◆ Input data ◆
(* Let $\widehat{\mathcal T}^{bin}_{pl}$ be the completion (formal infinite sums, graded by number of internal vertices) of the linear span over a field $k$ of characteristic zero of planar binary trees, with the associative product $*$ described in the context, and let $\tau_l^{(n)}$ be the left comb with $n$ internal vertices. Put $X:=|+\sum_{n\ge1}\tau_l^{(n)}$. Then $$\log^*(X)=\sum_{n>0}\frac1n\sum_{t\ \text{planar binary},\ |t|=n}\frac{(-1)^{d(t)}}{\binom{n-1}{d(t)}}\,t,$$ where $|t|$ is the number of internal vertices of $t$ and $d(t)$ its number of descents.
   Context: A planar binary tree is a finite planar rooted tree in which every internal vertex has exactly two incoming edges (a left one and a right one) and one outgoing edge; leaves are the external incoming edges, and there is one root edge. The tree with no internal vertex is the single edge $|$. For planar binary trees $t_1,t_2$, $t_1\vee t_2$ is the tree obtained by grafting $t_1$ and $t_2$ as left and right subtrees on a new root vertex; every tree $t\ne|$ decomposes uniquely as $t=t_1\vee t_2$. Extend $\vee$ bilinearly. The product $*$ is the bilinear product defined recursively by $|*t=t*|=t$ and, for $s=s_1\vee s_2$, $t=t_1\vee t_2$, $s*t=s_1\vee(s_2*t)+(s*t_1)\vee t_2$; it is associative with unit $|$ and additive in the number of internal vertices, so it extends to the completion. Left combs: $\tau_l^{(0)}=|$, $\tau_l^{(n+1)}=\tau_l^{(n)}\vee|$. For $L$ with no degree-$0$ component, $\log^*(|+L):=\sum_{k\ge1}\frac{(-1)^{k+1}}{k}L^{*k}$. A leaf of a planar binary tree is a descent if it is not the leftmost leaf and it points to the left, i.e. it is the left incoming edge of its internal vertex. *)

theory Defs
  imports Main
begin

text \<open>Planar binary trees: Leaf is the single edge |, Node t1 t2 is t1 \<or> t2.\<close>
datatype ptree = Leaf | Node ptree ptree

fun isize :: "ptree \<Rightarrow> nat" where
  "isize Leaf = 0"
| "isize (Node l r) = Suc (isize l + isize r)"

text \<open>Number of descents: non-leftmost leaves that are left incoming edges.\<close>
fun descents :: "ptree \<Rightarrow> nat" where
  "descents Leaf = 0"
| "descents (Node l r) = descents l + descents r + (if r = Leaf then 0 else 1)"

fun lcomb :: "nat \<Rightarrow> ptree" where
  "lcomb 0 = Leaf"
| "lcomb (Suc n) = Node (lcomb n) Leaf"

◆ Your assignment ◆
Every line above that holds the string "Node" should be copied out.

◆ Answer to the problem ◆
text \<open>Planar binary trees: Leaf is the single edge |, Node t1 t2 is t1 \<or> t2.\<close>
datatype ptree = Leaf | Node ptree ptree
| "isize (Node l r) = Suc (isize l + isize r)"
| "descents (Node l r) = descents l + descents r + (if r = Leaf then 0 else 1)"
| "lcomb (Suc n) = Node (lcomb n) Leaf"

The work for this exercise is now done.